Осенью 1941 г. воентехник 2-го ранга С. П. Иванов и военный инженер 3-го ранга М. М. Исьянов, основываясь на возможностях аппарата Семенова, разработали новый метод дешифрирования аэрофотоснимков - стереоскопический. Этот метод помогал "вытягивать" самые безнадежные снимки. Благодаря ему нам становились доступными тайны многих тыловых объектов и аэродромов противника. Ценность этого изобретения была столь велика, что в начале января 1942 г. командование ВВС фронта представило работу Иванова и Исьянова на соискание Сталинской премии{142}.
Все эти дни нас очень беспокоило положение с разведкой в Кингисеппском секторе. С началом наступления немецкие истребители почти наглухо закрыли район озера Самро, где проходили основные фронтовые коммуникации северной группировки противника. Сильные воздушные патрули охраняли подступы и к Большому Сабску. Наши летчики отмечали и необыкновенную плотность зенитного огня вблизи вражеских переправ. Все это было неспроста, и мы упорно старались проникнуть в район Большого Сабска и далее на юго-запад от реки Луги, но пока безуспешно. Гитлеровцы, захватив хорошо развитую аэродромную сеть в Залужье, в том числе такие наши крупные аэродромы, как Овсище, Высковатка, Самро, Чернево и Зарудинье, буквально забили их истребителями. По нашим данным, там сидели лет-чики из 51-й и 54-й эскадр, молодчики, прошедшие с боями через всю Европу.

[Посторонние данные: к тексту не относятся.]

lemma lengths_B_subset: "lengths G B \<subseteq> {2, n - 2, n - 1}"
proof
  fix N assume "N \<in> lengths G B"
  then obtain F where size_F: "size F = N" and atoms: "\<forall>X\<in>#F. is_atom G X"
    and sum_F: "\<Sum>\<^sub># F = B"
    by (auto simp: lengths_def)
  have count_B: "count B x = count (\<Sum>\<^sub># F) x" for x using sum_F by simp
  from atoms sum_F show "N \<in> {2, n - 2, n - 1}"
  proof (cases rule: factorization_B_cases)
    case (1 c)
    have "n - 2 = c"
      using count_B[of e] letters_distinct'
      by (simp add: 1 count_sum_mset B_def seq_ab_def seq_ef_def)
    then have "N = n - 1" using size_F four_le_order by (simp add: 1)
    then show ?thesis by simp
  next
    case (2 c X Y)
    have "n - 2 = c + count X e + count Y e" "n - 2 = c + count X f + count Y f"
      using count_B[of e] count_B[of f] letters_distinct'
      by (simp_all add: 2 count_sum_mset B_def seq_ef_def)
    then have "c + 2 \<in> {2, n - 2, n - 1}"
      by (rule two_mixed_atoms_length[OF count_e_f_mixed_atoms[OF 2(1)]
            count_e_f_mixed_atoms[OF 2(2)]])
    moreover have "N = c + 2" using size_F by (simp add: 2)
    ultimately show ?thesis by simp
  qed
qed

lemma lengths_B_supset: "{2, n - 2, n - 1} \<subseteq> lengths G B"
proof -
  have length_of: "N \<in> lengths G B"
    if "\<Sum>\<^sub># F = B" and "\<forall>X\<in>#F. X \<in> {seq_ef, seq_ab, seq_ae, seq_af, seq_bf, seq_be}"
      and "size F = N" for F N
    using that is_atom_ef is_atom_ab is_atom_ae is_atom_af is_atom_bf is_atom_be
    unfolding lengths_def by (intro CollectI exI[of _ F]) auto
  have "\<Sum>\<^sub># {#seq_ae, seq_bf#} = B"
    using letters_distinct' by (auto simp: B_def seq_ae_def seq_bf_def intro!: multiset_eqI)
  then have "2 \<in> lengths G B" by (rule length_of) auto
  moreover have "\<Sum>\<^sub># ({#seq_af, seq_be#} + replicate_mset (n - 4) seq_ef) = B"
    using letters_distinct' four_le_order
    by (auto simp: B_def seq_af_def seq_be_def seq_ef_def count_sum_mset intro!: multiset_eqI)
  then have "n - 2 \<in> lengths G B" by (rule length_of) (use four_le_order in auto)
  moreover have "\<Sum>\<^sub># (add_mset seq_ab (replicate_mset (n - 2) seq_ef)) = B"
    using letters_distinct'
    by (auto simp: B_def seq_ab_def seq_ef_def count_sum_mset intro!: multiset_eqI)
  then have "n - 1 \<in> lengths G B" by (rule length_of) (use four_le_order in auto)
  ultimately show ?thesis by blast
qed

lemma lengths_B: "lengths G B = {2, n - 2, n - 1}"
  using lengths_B_subset lengths_B_supset by blast

end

И сегодня разведсводки были почти пустыми. Нужно было что-то предпринимать. Но что? Послать сильную группу истребителей, чтобы она прочесала весь интересующий нас район? Но немцы не позволят, сразу же свяжут наших летчиков боем. А в бою какая же разведка!
От невеселых мыслей меня отвлекло появление начальника разведотдела Пронина. Лицо его не предвещало ничего хорошего: Александр Семенович доложил, что одному из экипажей из 2-й бомбардировочной дивизии удалось утром прорваться к Большому Сабску. На переправах через Лугу и по дороге на Молюсковицы разведчики обнаружили танковые колонны. Хотя мы наиболее вероятным считали появление 8-й танковой дивизии где-нибудь на новгородском направлении, но, услышав сообщение Пронина, я почему-то подумал именно о ней. Однако на всякий случай спросил, не танки ли это из второго эшелона 1-й и 6-й дивизий? Пронин только пожал плечами и ответил, что это может знать только наземная, а не воздушная разведка. Я и сам понимал никчемность вопроса, но уж очень известие было неприятным и потому не хотелось верить в него.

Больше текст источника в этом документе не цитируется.